All lines from the entries below that contain the string "fixes" should be copied out.

::::::

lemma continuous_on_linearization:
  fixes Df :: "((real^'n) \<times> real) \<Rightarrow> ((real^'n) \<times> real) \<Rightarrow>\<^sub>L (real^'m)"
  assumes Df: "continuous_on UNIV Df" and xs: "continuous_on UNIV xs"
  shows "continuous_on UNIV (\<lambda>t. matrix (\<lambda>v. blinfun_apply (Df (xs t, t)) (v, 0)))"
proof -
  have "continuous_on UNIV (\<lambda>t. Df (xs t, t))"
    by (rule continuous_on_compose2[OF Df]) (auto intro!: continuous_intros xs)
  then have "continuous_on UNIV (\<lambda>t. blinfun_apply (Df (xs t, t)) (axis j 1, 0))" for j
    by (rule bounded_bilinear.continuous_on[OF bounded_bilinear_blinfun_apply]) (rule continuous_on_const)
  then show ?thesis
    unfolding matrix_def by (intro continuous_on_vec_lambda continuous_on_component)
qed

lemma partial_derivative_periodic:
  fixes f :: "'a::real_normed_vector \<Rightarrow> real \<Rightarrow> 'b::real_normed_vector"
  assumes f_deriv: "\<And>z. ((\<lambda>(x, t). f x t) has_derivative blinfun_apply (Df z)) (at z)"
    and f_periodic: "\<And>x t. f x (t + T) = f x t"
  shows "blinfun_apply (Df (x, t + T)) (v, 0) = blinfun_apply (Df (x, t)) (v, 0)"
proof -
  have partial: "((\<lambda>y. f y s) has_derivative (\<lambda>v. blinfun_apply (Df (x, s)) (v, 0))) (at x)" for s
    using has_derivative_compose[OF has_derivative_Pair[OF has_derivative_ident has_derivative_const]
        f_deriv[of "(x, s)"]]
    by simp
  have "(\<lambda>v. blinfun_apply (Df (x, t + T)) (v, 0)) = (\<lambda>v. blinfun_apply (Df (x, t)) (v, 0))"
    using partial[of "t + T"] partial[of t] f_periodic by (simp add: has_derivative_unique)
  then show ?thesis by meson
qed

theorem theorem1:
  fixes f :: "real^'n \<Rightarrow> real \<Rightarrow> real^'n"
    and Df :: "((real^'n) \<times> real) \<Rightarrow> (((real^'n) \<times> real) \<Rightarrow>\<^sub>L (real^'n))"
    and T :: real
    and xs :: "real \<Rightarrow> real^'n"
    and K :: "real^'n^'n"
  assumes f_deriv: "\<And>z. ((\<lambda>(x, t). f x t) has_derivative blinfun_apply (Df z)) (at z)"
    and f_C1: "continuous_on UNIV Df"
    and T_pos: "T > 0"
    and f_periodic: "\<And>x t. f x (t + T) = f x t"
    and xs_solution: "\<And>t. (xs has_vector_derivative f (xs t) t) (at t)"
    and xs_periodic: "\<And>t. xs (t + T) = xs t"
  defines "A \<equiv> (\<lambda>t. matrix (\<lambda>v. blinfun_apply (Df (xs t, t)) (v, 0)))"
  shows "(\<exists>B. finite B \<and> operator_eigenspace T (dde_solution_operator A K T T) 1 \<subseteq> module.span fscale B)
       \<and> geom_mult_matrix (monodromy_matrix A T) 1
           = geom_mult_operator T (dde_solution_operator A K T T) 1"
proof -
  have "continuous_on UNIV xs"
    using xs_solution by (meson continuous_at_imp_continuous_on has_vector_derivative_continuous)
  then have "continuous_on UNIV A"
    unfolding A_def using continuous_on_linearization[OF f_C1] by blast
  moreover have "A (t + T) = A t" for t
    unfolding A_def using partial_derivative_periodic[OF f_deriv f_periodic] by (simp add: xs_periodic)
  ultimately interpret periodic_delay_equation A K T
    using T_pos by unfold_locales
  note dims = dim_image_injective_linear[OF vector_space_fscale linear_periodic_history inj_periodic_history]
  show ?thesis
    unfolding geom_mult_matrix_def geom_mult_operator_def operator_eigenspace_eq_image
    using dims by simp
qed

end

::::::

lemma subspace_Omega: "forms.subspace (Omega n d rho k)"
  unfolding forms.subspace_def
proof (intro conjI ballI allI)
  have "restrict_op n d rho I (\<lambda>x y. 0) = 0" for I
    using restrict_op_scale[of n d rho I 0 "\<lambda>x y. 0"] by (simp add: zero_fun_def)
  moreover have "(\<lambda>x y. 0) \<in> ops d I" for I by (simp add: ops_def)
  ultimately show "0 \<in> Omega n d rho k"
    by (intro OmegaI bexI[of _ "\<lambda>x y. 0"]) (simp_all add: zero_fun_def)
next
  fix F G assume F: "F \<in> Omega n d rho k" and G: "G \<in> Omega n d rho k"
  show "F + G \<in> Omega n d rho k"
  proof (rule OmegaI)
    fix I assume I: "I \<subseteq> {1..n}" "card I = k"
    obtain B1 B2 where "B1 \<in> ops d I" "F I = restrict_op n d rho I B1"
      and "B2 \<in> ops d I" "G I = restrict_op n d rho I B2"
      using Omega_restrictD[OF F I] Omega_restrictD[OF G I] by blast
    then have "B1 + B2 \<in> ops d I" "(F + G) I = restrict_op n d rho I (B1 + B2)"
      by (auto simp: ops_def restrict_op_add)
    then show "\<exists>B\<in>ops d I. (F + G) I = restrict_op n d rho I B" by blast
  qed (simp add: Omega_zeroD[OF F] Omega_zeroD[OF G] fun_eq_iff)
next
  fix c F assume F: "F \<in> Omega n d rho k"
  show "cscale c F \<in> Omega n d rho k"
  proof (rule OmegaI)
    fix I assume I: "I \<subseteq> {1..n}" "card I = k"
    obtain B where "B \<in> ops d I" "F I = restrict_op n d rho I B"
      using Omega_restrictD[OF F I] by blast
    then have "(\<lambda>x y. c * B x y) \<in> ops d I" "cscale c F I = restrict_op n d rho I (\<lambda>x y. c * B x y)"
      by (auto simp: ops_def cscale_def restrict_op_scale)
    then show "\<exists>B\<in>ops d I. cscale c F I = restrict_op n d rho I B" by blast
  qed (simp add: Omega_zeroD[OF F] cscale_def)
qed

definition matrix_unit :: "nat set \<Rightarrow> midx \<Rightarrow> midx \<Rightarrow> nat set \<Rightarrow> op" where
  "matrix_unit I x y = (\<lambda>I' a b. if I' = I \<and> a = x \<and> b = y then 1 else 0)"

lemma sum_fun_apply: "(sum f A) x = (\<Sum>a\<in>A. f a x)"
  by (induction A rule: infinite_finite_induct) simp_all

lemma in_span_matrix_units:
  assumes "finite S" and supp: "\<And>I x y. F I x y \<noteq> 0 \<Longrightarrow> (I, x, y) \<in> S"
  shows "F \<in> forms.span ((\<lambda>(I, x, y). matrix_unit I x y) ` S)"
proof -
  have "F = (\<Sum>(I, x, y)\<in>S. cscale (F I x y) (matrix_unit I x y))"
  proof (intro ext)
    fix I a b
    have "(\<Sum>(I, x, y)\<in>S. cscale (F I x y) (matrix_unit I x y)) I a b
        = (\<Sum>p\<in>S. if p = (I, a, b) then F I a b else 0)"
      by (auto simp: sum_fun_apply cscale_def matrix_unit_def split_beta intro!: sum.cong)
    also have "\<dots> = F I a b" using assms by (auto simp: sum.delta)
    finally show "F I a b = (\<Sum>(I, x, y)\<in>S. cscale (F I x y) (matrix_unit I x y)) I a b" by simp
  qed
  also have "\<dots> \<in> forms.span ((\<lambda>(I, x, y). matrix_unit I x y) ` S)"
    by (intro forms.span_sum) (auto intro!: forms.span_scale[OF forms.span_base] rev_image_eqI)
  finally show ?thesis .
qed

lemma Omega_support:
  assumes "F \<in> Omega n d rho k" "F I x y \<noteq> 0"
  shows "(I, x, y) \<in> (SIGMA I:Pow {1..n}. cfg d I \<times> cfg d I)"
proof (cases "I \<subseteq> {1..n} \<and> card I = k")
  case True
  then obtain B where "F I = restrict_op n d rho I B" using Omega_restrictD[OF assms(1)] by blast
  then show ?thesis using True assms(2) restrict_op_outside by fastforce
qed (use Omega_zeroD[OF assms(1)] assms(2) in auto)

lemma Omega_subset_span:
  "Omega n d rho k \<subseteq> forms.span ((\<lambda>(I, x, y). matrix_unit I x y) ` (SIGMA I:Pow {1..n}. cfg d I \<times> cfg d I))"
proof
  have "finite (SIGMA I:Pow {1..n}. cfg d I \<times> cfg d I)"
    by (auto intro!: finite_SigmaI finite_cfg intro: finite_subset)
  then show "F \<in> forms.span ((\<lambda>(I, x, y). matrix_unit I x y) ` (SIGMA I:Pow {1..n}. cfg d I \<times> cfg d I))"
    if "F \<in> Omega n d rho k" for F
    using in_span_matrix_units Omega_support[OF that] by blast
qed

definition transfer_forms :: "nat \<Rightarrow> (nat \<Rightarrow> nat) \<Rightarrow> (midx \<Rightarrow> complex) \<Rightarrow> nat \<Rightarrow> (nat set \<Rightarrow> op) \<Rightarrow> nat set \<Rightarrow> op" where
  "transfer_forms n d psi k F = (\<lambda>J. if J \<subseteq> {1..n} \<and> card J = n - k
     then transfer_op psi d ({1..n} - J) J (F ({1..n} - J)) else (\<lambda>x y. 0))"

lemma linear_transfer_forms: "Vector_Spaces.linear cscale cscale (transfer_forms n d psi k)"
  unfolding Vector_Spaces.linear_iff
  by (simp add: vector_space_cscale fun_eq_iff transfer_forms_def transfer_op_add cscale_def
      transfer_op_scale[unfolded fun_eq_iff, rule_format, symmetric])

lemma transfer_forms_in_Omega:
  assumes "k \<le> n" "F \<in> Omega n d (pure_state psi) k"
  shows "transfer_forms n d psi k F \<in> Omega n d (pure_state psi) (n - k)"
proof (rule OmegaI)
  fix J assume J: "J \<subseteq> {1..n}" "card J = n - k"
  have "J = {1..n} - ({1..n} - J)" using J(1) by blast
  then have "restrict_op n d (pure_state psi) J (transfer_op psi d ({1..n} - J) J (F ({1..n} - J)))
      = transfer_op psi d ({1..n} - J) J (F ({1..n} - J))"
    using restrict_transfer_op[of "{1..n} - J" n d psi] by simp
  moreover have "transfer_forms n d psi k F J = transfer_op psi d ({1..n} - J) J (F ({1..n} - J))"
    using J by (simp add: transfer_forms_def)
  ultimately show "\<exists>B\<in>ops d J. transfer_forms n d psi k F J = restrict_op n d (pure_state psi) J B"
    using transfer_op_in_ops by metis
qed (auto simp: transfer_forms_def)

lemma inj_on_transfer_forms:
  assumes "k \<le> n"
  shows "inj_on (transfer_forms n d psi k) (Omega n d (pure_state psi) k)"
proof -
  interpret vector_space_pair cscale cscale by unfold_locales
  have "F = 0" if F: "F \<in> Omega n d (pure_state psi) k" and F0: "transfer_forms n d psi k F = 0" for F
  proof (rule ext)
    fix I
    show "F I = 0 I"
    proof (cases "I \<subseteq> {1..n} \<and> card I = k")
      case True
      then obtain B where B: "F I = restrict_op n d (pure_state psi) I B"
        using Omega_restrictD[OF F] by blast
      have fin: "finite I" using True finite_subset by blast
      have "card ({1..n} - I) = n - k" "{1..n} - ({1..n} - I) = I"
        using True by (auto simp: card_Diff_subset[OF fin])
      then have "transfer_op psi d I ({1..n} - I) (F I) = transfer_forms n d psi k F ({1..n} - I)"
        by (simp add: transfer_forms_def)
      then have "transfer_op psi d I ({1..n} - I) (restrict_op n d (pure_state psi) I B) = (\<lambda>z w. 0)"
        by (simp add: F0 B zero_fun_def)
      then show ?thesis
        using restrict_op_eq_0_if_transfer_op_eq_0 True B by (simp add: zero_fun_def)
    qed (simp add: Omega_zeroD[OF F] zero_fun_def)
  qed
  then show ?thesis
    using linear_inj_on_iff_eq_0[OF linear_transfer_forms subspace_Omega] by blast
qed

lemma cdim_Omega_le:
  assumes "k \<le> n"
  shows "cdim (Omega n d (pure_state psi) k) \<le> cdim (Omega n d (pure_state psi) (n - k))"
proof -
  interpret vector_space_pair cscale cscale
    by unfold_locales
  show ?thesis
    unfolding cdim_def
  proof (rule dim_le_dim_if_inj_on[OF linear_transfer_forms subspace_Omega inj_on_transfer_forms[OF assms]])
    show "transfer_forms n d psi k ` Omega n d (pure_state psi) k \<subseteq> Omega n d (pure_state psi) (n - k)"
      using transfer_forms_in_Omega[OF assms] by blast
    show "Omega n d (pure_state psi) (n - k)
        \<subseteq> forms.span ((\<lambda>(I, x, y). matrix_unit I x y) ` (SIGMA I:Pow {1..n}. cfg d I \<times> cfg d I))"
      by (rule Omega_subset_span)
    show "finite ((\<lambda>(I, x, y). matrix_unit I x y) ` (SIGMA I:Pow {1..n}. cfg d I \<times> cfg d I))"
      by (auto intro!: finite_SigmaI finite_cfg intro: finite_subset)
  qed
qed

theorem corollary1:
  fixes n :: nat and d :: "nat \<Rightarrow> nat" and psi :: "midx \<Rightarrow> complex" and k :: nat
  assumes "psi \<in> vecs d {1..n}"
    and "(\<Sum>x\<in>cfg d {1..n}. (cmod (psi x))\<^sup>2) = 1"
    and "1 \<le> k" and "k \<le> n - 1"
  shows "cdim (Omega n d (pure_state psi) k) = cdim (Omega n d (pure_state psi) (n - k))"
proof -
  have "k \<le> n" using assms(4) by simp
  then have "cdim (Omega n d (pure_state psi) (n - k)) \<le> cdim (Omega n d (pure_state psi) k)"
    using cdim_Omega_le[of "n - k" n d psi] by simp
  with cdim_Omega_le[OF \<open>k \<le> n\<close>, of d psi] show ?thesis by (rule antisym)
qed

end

::::::

### Completed task
  fixes Df :: "((real^'n) \<times> real) \<Rightarrow> ((real^'n) \<times> real) \<Rightarrow>\<^sub>L (real^'m)"
  fixes f :: "'a::real_normed_vector \<Rightarrow> real \<Rightarrow> 'b::real_normed_vector"
  fixes f :: "real^'n \<Rightarrow> real \<Rightarrow> real^'n"
  fixes n :: nat and d :: "nat \<Rightarrow> nat" and psi :: "midx \<Rightarrow> complex" and k :: nat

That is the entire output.